Глава 1. Пустота
Тишина. Она заполняла всё вокруг, обволакивая стены, пол, потолок. В её густом, вязком присутствии любое движение казалось ненужным, лишним. Даже звук шагов в коридоре, редкий и едва уловимый, тонули в этом странном вакууме.
Комната Баку выглядела так, словно жизнь в ней остановилась. На полу лежали обрывки бумаги с неудачными рисунками — тонкие линии, которые он начинал, но никогда не заканчивал. Карандаши с изношенными грифелями валялись рядом с кроватью, некоторые сломаны в порыве раздражения.
На подоконнике, покрытом слоем пыли, стояли старые книги. Когда-то он любил читать — погружаться в истории, где герои побеждали своих демонов, где зло всегда получало по заслугам. Теперь эти книги были лишь напоминанием о том, что жизнь не похожа на выдуманные сюжеты.
Баку сидел на краю кровати, обхватив голову руками. Его взгляд был прикован к ковру на полу, узоры которого казались странно размазанными. Он не знал, сколько времени прошло с момента, когда он сел. Часы давно потеряли значение. Утро, день, ночь — всё смешалось в бесконечный серый поток.

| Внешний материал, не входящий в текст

(* Let $\Phi$ be an irreducible root system with ambient real vector space $\mathbb R\Phi$. Then $\Phi$ is not contained in the union of two hyperplanes (linear subspaces of codimension $1$) of $\mathbb R\Phi$. Moreover, if $H\le\mathbb R\Phi$ is a hyperplane and $\alpha\in\Phi\cap H$, then $\alpha$ has a neighbor in $\Phi\setminus H$.
   Context: Root systems are crystallographic, possibly non-reduced (components of type $\mathsf{BC}_\ell$ are allowed). Two roots $\alpha,\beta$ are called neighbors if they are linearly independent, non-orthogonal, and no root lies in the open cone $\mathbb R_{>0}\alpha+\mathbb R_{>0}\beta$. *)

theory Defs
  imports "HOL-Analysis.Analysis"
begin

text \<open>Roots live in a Euclidean space 'a; the ambient space of Phi is span Phi.
  Crystallographic, possibly non-reduced root systems (no condition on multiples).\<close>

definition refl_root :: "'a::euclidean_space \<Rightarrow> 'a \<Rightarrow> 'a" where
  "refl_root \<alpha> x = x - (2 * (x \<bullet> \<alpha>) / (\<alpha> \<bullet> \<alpha>)) *\<^sub>R \<alpha>"

definition root_system :: "'a::euclidean_space set \<Rightarrow> bool" where
  "root_system \<Phi> \<longleftrightarrow> finite \<Phi> \<and> 0 \<notin> \<Phi> \<and>
     (\<forall>\<alpha>\<in>\<Phi>. \<forall>\<beta>\<in>\<Phi>. refl_root \<alpha> \<beta> \<in> \<Phi>) \<and>
     (\<forall>\<alpha>\<in>\<Phi>. \<forall>\<beta>\<in>\<Phi>. 2 * (\<beta> \<bullet> \<alpha>) / (\<alpha> \<bullet> \<alpha>) \<in> \<int>)"

definition irreducible_rs :: "'a::euclidean_space set \<Rightarrow> bool" where
  "irreducible_rs \<Phi> \<longleftrightarrow> \<Phi> \<noteq> {} \<and>
     \<not> (\<exists>A B. A \<noteq> {} \<and> B \<noteq> {} \<and> A \<union> B = \<Phi> \<and> A \<inter> B = {} \<and>
            (\<forall>a\<in>A. \<forall>b\<in>B. a \<bullet> b = 0))"

definition hyperplane_of :: "'a::euclidean_space set \<Rightarrow> 'a set \<Rightarrow> bool" where
  "hyperplane_of V H \<longleftrightarrow> subspace H \<and> H \<subseteq> V \<and> dim H + 1 = dim V"

definition root_neighbors :: "'a::euclidean_space set \<Rightarrow> 'a \<Rightarrow> 'a \<Rightarrow> bool" where
  "root_neighbors \<Phi> \<alpha> \<beta> \<longleftrightarrow> \<alpha> \<noteq> \<beta> \<and> independent {\<alpha>, \<beta>} \<and> \<alpha> \<bullet> \<beta> \<noteq> 0 \<and>
     \<not> (\<exists>\<gamma>\<in>\<Phi>. \<exists>a b. a > 0 \<and> b > 0 \<and> \<gamma> = a *\<^sub>R \<alpha> + b *\<^sub>R \<beta>)"

end

theory Submission imports Defs begin

text \<open>
  If \<open>\<Phi> \<subseteq> H\<^sub>1 \<union> H\<^sub>2\<close> and \<open>\<alpha> \<in> \<Phi> - H\<^sub>1\<close>, \<open>\<beta> \<in> \<Phi> - H\<^sub>2\<close>, then
  \<open>\<alpha> \<bottom> \<beta>\<close>: otherwise the reflection \<open>s\<^sub>\<alpha> \<beta>\<close> would lie in neither subspace.
  A root that is not orthogonal to some root outside \<open>H\<^sub>1\<close> lies in the span \<open>L\<close> of
  \<open>\<Phi> - H\<^sub>1\<close>, so by irreducibility \<open>\<Phi> \<subseteq> L\<close>; but \<open>\<beta> \<bottom> L\<close>, a contradiction.
  For the second claim, apply the first to \<open>H\<close> and \<open>\<alpha>\<^sup>\<bottom>\<close> to get a root \<open>\<beta> \<notin> H\<close>
  with \<open>\<alpha> \<bullet> \<beta> \<noteq> 0\<close>. Among the roots \<open>x\<alpha> + y\<beta>\<close> with \<open>y > 0\<close> the one maximising
  \<open>x / y\<close> bounds an open cone free of roots together with \<open>\<alpha>\<close>, and it is not in \<open>H\<close>.
\<close>

lemma root_system_refl_root_mem:
  assumes "root_system \<Phi>" "\<alpha> \<in> \<Phi>" "\<beta> \<in> \<Phi>"
  shows "\<beta> - (2 * (\<beta> \<bullet> \<alpha>) / (\<alpha> \<bullet> \<alpha>)) *\<^sub>R \<alpha> \<in> \<Phi>"
  using assms unfolding root_system_def refl_root_def by blast

lemma root_system_nonzero: "root_system \<Phi> \<Longrightarrow> \<alpha> \<in> \<Phi> \<Longrightarrow> \<alpha> \<noteq> 0"
  unfolding root_system_def by auto

lemma subspace_scaleR_cancel:
  assumes "subspace H" "c *\<^sub>R x \<in> H" "c \<noteq> 0"
  shows "x \<in> H"
  using subspace_scale[OF assms(1,2), of "inverse c"] assms(3) by simp

lemma root_orthogonal_if_outside_cover:
  assumes rs: "root_system \<Phi>" and "subspace H1" "subspace H2" and cov: "\<Phi> \<subseteq> H1 \<union> H2"
    and \<alpha>: "\<alpha> \<in> \<Phi> - H1" and \<beta>: "\<beta> \<in> \<Phi> - H2"
  shows "\<alpha> \<bullet> \<beta> = 0"
proof (rule ccontr)
  assume "\<alpha> \<bullet> \<beta> \<noteq> 0"
  define c where "c = 2 * (\<beta> \<bullet> \<alpha>) / (\<alpha> \<bullet> \<alpha>)"
  have "c \<noteq> 0"
    using \<open>\<alpha> \<bullet> \<beta> \<noteq> 0\<close> root_system_nonzero[OF rs] \<alpha> by (simp add: c_def inner_commute)
  have r: "\<beta> - c *\<^sub>R \<alpha> \<in> \<Phi>"
    using root_system_refl_root_mem[OF rs] \<alpha> \<beta> by (simp add: c_def)
  have "\<alpha> \<in> H2" "\<beta> \<in> H1" using \<alpha> \<beta> cov by auto
  show False
  proof (cases "\<beta> - c *\<^sub>R \<alpha> \<in> H1")
    case True
    then have "c *\<^sub>R \<alpha> \<in> H1"
      using subspace_diff[OF \<open>subspace H1\<close> \<open>\<beta> \<in> H1\<close>] by fastforce
    then show False using subspace_scaleR_cancel \<open>subspace H1\<close> \<open>c \<noteq> 0\<close> \<alpha> by blast
  next
    case False
    with r cov have "\<beta> - c *\<^sub>R \<alpha> \<in> H2" by auto
    then have "(\<beta> - c *\<^sub>R \<alpha>) + c *\<^sub>R \<alpha> \<in> H2"
      by (rule subspace_add[OF \<open>subspace H2\<close>])
        (rule subspace_scale[OF \<open>subspace H2\<close> \<open>\<alpha> \<in> H2\<close>])
    then show False using \<beta> by simp
  qed
qed

lemma root_mem_span_outside_subspace:
  assumes rs: "root_system \<Phi>" and "subspace H"
    and \<alpha>: "\<alpha> \<in> \<Phi> - H" and \<gamma>: "\<gamma> \<in> \<Phi>" and "\<gamma> \<bullet> \<alpha> \<noteq> 0"
  shows "\<gamma> \<in> span (\<Phi> - H)"
proof (cases "\<gamma> \<in> H")
  case True
  define c where "c = 2 * (\<gamma> \<bullet> \<alpha>) / (\<alpha> \<bullet> \<alpha>)"
  have "c \<noteq> 0"
    using \<open>\<gamma> \<bullet> \<alpha> \<noteq> 0\<close> root_system_nonzero[OF rs] \<alpha> by (simp add: c_def)
  have "\<gamma> - c *\<^sub>R \<alpha> \<notin> H"
  proof
    assume "\<gamma> - c *\<^sub>R \<alpha> \<in> H"
    then have "c *\<^sub>R \<alpha> \<in> H" using subspace_diff[OF \<open>subspace H\<close> True] by fastforce
    then show False using subspace_scaleR_cancel \<open>subspace H\<close> \<open>c \<noteq> 0\<close> \<alpha> by blast
  qed
  moreover have "\<gamma> - c *\<^sub>R \<alpha> \<in> \<Phi>"
    using root_system_refl_root_mem[OF rs] \<alpha> \<gamma> by (simp add: c_def)
  ultimately have "(\<gamma> - c *\<^sub>R \<alpha>) + c *\<^sub>R \<alpha> \<in> span (\<Phi> - H)"
    using \<alpha> by (intro span_add span_scale span_base) auto
  then show ?thesis by simp
qed (use \<gamma> in \<open>auto intro: span_base\<close>)

lemma irreducible_rs_subset_span:
  assumes irr: "irreducible_rs \<Phi>" and "A \<subseteq> \<Phi>" "A \<noteq> {}"
    and closed: "\<And>\<gamma> a. \<gamma> \<in> \<Phi> \<Longrightarrow> a \<in> A \<Longrightarrow> \<gamma> \<bullet> a \<noteq> 0 \<Longrightarrow> \<gamma> \<in> span A"
  shows "\<Phi> \<subseteq> span A"
proof -
  have orth: "p \<bullet> q = 0" if "p \<in> span A" "q \<in> \<Phi> - span A" for p q
  proof -
    have "\<forall>a\<in>A. orthogonal q a" using closed that(2) by (auto simp: orthogonal_def)
    then have "orthogonal q p" using orthogonal_to_span that(1) by blast
    then show ?thesis by (simp add: orthogonal_def inner_commute)
  qed
  have "\<Phi> \<inter> span A \<noteq> {}" using \<open>A \<subseteq> \<Phi>\<close> \<open>A \<noteq> {}\<close> span_base by blast
  have "\<Phi> - span A = {}"
  proof (rule ccontr)
    assume "\<Phi> - span A \<noteq> {}"
    with \<open>\<Phi> \<inter> span A \<noteq> {}\<close> orth have "\<exists>P Q. P \<noteq> {} \<and> Q \<noteq> {} \<and> P \<union> Q = \<Phi> \<and> P \<inter> Q = {} \<and>
        (\<forall>p\<in>P. \<forall>q\<in>Q. p \<bullet> q = 0)"
      by (intro exI[of _ "\<Phi> \<inter> span A"] exI[of _ "\<Phi> - span A"]) auto
    with irr show False unfolding irreducible_rs_def by blast
  qed
  then show ?thesis by blast
qed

"Как долго это продолжается?" — мелькнула мысль. Но ответить он не мог. Может быть, это началось сразу после похорон. А может, даже раньше, в тот момент, когда он понял, что её больше нет.
Отчетливо тикали часы где-то в соседней комнате. Ритм их стрелок был медленным, почти издевательским. Каждое "тик" было похоже на плевок в лицо: "Смотри, время идёт, а ты стоишь на месте".
Он закрыл глаза, пытаясь отгородиться от всего, что его окружало. Но тишина не исчезала. Она стала его постоянной спутницей. Густой, удушающей. Тишина была не просто отсутствием звуков. Она была живым, злобным существом, которое проникало в его мысли, заполняло собой его грудь, давило на сердце.
Когда-то в этой комнате звучал смех. Сначала его, детский и беззаботный, потом — мягкий смех матери, которая всегда знала, как развеять тревоги. Сейчас эти воспоминания были как сны, которые он больше не мог увидеть.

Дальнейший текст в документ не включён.